TASK DESCRIPTION –
Scan the listing below for the word "that" and copy every line where it occurs.

ENTRIES SHOWN –
(* Let $R_1,R_2,S_1,S_2$ be positive semidefinite $n\times n$ matrices such that $R_1R_2=R_2R_1$ and $S_1S_2=S_2S_1$. Let $R=R_1^{1/2}R_2^{1/2}$ and $S=S_1^{1/2}S_2^{1/2}$. Then $$\lambda_1\big((R^{1/2}SR^{1/2})^2\big)\le \lambda_1\big(R_1^{1/2}S_1R_1^{1/2}\,R_2^{1/2}S_2R_2^{1/2}\big).$$
   Context: $\lambda_1(X)$ denotes the largest eigenvalue of a matrix $X$ with real nonnegative spectrum. Note $R$ and $S$ are positive semidefinite since they are products of commuting positive semidefinite matrices. *)

theory Defs
  imports "Jordan_Normal_Form.Schur_Decomposition" "Jordan_Normal_Form.Spectral_Radius"
begin

definition psd_mat :: "nat \<Rightarrow> complex mat \<Rightarrow> bool" where
  "psd_mat n A \<longleftrightarrow> A \<in> carrier_mat n n \<and> mat_adjoint A = A \<and>
     (\<forall>v \<in> carrier_vec n. 0 \<le> Re ((A *\<^sub>v v) \<bullet>c v))"

definition mat_sqrt :: "nat \<Rightarrow> complex mat \<Rightarrow> complex mat" where
  "mat_sqrt n A = (THE B. psd_mat n B \<and> B * B = A)"

definition lambda1 :: "complex mat \<Rightarrow> real" where
  "lambda1 X = Max (Re ` spectrum X)"

end

theory Submission
  imports Defs
begin

text \<open>Write \<open>a, b, c, d\<close> for the square roots of \<open>R\<^sub>1, R\<^sub>2, S\<^sub>1, S\<^sub>2\<close>. Then \<open>a\<close> and \<open>b\<close>
  commute, as do \<open>c\<close> and \<open>d\<close>, so \<open>ab\<close> is positive semidefinite with square root \<open>r\<close>, and the
  left-hand matrix is \<open>M = (r cd r)\<^sup>2\<close>. Since \<open>XY\<close> and \<open>YX\<close> have the same nonzero
  eigenvalues, cyclic rotations turn every nonzero eigenvalue \<open>\<mu>\<close> of \<open>M\<close> into an eigenvalue
  of \<open>Q\<^sup>2\<close> with \<open>Q = dabc\<close>, so \<open>\<mu> = l\<^sup>2\<close> for an eigenvalue \<open>l\<close> of \<open>Q\<close>. By the Rayleigh bound
  \<open>\<bar>\<mu>\<bar> = \<bar>l\<bar>\<^sup>2\<close> is at most the largest eigenvalue of \<open>Q\<^sup>* Q = cbad\<cdot>dabc\<close>, and further
  rotations show that the nonzero eigenvalues of \<open>Q\<^sup>* Q\<close> are exactly those of the right-hand
  matrix \<open>N = (ac\<^sup>2a)(bd\<^sup>2b)\<close>.\<close>

section \<open>Adjoints and the complex inner product\<close>

abbreviation adj :: "complex mat \<Rightarrow> complex mat" where "adj \<equiv> mat_adjoint"
theorem theorem3:
  fixes n :: nat and t :: "nat \<Rightarrow> real" and u :: real
    and fsub fmul fdiv :: "real \<Rightarrow> real \<Rightarrow> real"
  assumes "n > 1"
    and "strict_mono_on {1..n+1} t"
    and "(4 * real n - 5) * u < 1"
    and "fp_op u (-) fsub" and "fp_op u (*) fmul" and "fp_op u (/) fdiv"
    and "\<And>x. fmul 1 x = x"
  shows "\<forall>i j. 1 \<le> j \<and> j \<le> i \<and> i \<le> n + 1 \<longrightarrow>
           \<bar>(bd t i j - fl_bd fsub fmul fdiv t i j) / bd t i j\<bar> \<le> gamma (4 * real n - 5) u"
proof (intro allI impI)
  fix i j assume ij: "1 \<le> j \<and> j \<le> i \<and> i \<le> n + 1"
  have m: "real (4 * n - 5) = 4 * real n - 5" using assms(1) by (simp add: of_nat_diff)
  have u0: "0 \<le> u" using fp_op_nonneg[OF assms(4)] .
  have mu: "real (4 * n - 5) * u < 1" using m assms(3) by simp
  have "1 \<le> 4 * n - 5" using assms(1) by arith
  then have "1 * u \<le> real (4 * n - 5) * u" using u0 by (intro mult_right_mono) simp_all
  then have u1: "u < 1" using mu by simp
  obtain x where "rounding_factor u (4 * n - 5) x" "fl_bd fsub fmul fdiv t i j = bd t i j * x"
    using fl_bd_rounding_factor[OF assms(1) _ _ _ u0 u1 assms(4-7)] ij by blast
  from rounding_factor_rel_error[OF u0 u1 mu this] m
  show "\<bar>(bd t i j - fl_bd fsub fmul fdiv t i j) / bd t i j\<bar> \<le> gamma (4 * real n - 5) u"
    by simp
qed

end
(* Let $(u,v)\in F^2$ with $(u,v)\sim_{AC}\mathrm{AK}(3)$, where $\mathrm{AK}(3)=(xyxy^{-1}x^{-1}y^{-1},\ x^3y^{-4})$. Then $(\varphi(u),\varphi(v))\sim_{AC}\mathrm{AK}(3)$ for every $\varphi\in\mathrm{Aut}(F)$.
   Context: $F=F(x,y)$ is the free group on $\{x,y\}$. $\mathrm{AK}(3)$ is the pair corresponding to the presentation $\langle x,y\mid xyx=yxy,\ x^3=y^4\rangle$. The Andrews–Curtis (AC) moves on a pair $(r_1,r_2)\in F^2$ are: replace $r_i$ by $r_ir_j$ ($i\ne j$); replace $r_i$ by $r_i^{-1}$; replace $r_i$ by $w^{-1}r_iw$ for some $w\in F$. Two pairs are AC-equivalent, $\sim_{AC}$, if one can be obtained from the other by a finite sequence of AC-moves. *)

theory Defs
  imports "HOL-Algebra.Group"
begin

text \<open>The free group F = F(x,y), realised as freely reduced words over the
letters x, y and their inverses.  A letter is a pair (generator, inverted?).\<close>

datatype gen = X | Y

type_synonym letter = "gen \<times> bool"
type_synonym word = "letter list"

definition inverse_letters :: "letter \<Rightarrow> letter \<Rightarrow> bool" where
  "inverse_letters a b \<longleftrightarrow> fst a = fst b \<and> snd a \<noteq> snd b"

definition reduced :: "word \<Rightarrow> bool" where
  "reduced w \<longleftrightarrow> (\<forall>i. Suc i < length w \<longrightarrow> \<not> inverse_letters (w ! i) (w ! Suc i))"

fun push :: "letter \<Rightarrow> word \<Rightarrow> word" where
  "push a [] = [a]"
| "push a (b # bs) = (if inverse_letters a b then bs else a # b # bs)"

definition reduce :: "word \<Rightarrow> word" where
  "reduce w = foldr push w []"

definition FG :: "word monoid" where
  "FG = \<lparr>carrier = {w. reduced w}, mult = (\<lambda>u v. reduce (u @ v)), one = []\<rparr>"

definition winv :: "word \<Rightarrow> word" where
  "winv w = rev (map (\<lambda>(g, b). (g, \<not> b)) w)"

definition wmult :: "word \<Rightarrow> word \<Rightarrow> word" where
  "wmult u v = reduce (u @ v)"

inductive ac_move :: "word \<times> word \<Rightarrow> word \<times> word \<Rightarrow> bool" where
  mult1: "ac_move (r1, r2) (wmult r1 r2, r2)"
| mult2: "ac_move (r1, r2) (r1, wmult r2 r1)"
| inv1:  "ac_move (r1, r2) (winv r1, r2)"
| inv2:  "ac_move (r1, r2) (r1, winv r2)"
| conj1: "reduced w \<Longrightarrow> ac_move (r1, r2) (wmult (wmult (winv w) r1) w, r2)"
| conj2: "reduced w \<Longrightarrow> ac_move (r1, r2) (r1, wmult (wmult (winv w) r2) w)"

definition ac_equiv :: "word \<times> word \<Rightarrow> word \<times> word \<Rightarrow> bool" where
  "ac_equiv p q \<longleftrightarrow> ac_move\<^sup>*\<^sup>* p q"

abbreviation "lx \<equiv> (X, False)"
abbreviation "ly \<equiv> (Y, False)"
abbreviation "lxi \<equiv> (X, True)"
abbreviation "lyi \<equiv> (Y, True)"

definition AK3 :: "word \<times> word" where
  "AK3 = ([lx, ly, lx, lyi, lxi, lyi], [lx, lx, lx, lyi, lyi, lyi, lyi])"

end

theory Submission
  imports Defs
begin

text \<open>A pair \<open>(a, b)\<close> of words is identified with the endomorphism \<open>x \<mapsto> a, y \<mapsto> b\<close> of the
  free group. Such a substitution maps AC-moves to AC-moves, so \<open>(u, v) \<sim>\<^sub>A\<^sub>C AK(3)\<close> gives
  \<open>(\<phi> u, \<phi> v) \<sim>\<^sub>A\<^sub>C \<phi>(AK(3))\<close>, and it remains to show \<open>\<phi>(AK(3)) \<sim>\<^sub>A\<^sub>C AK(3)\<close> for every
  automorphism \<open>\<phi>\<close>. The pairs with this property are closed under composition and under
  conjugation, and explicit AC-sequences show that they contain the swap \<open>x \<leftrightarrow> y\<close>, the inversion
  \<open>y \<mapsto> y\<inverse>\<close> and the transvection \<open>x \<mapsto> x y\<inverse>\<close>; hence all signed permutations and all elementary
  transvections. Nielsen's reduction argument finishes the proof: a generating pair that is not
  Nielsen-reduced becomes shorter after a transvection followed by a conjugation, and a
  Nielsen-reduced generating pair is a signed permutation of \<open>(x, y)\<close>.\<close>

section \<open>Reduced words\<close>

definition inv_letter :: "letter \<Rightarrow> letter" where
  "inv_letter l = (fst l, \<not> snd l)"

lemma inv_letter_inv_letter [simp]: "inv_letter (inv_letter l) = l"
  by (simp add: inv_letter_def)

lemma inverse_letters_iff: "inverse_letters a b \<longleftrightarrow> b = inv_letter a"
  by (cases a; cases b) (auto simp: inverse_letters_def inv_letter_def)

lemma inverse_letters_sym: "inverse_letters a b \<longleftrightarrow> inverse_letters b a"
  by (auto simp: inverse_letters_def)

lemma not_inverse_letters_self [simp]: "\<not> inverse_letters l l"
  by (simp add: inverse_letters_def)

lemma inverse_letters_inv_letter [simp]:
  "inverse_letters (inv_letter a) (inv_letter b) \<longleftrightarrow> inverse_letters a b"
  by (auto simp: inverse_letters_def inv_letter_def)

SOLVED EXERCISE –
(* Let $R_1,R_2,S_1,S_2$ be positive semidefinite $n\times n$ matrices such that $R_1R_2=R_2R_1$ and $S_1S_2=S_2S_1$. Let $R=R_1^{1/2}R_2^{1/2}$ and $S=S_1^{1/2}S_2^{1/2}$. Then $$\lambda_1\big((R^{1/2}SR^{1/2})^2\big)\le \lambda_1\big(R_1^{1/2}S_1R_1^{1/2}\,R_2^{1/2}S_2R_2^{1/2}\big).$$
  rotations show that the nonzero eigenvalues of \<open>Q\<^sup>* Q\<close> are exactly those of the right-hand
  conjugation, and explicit AC-sequences show that they contain the swap \<open>x \<leftrightarrow> y\<close>, the inversion
  transvections. Nielsen's reduction argument finishes the proof: a generating pair that is not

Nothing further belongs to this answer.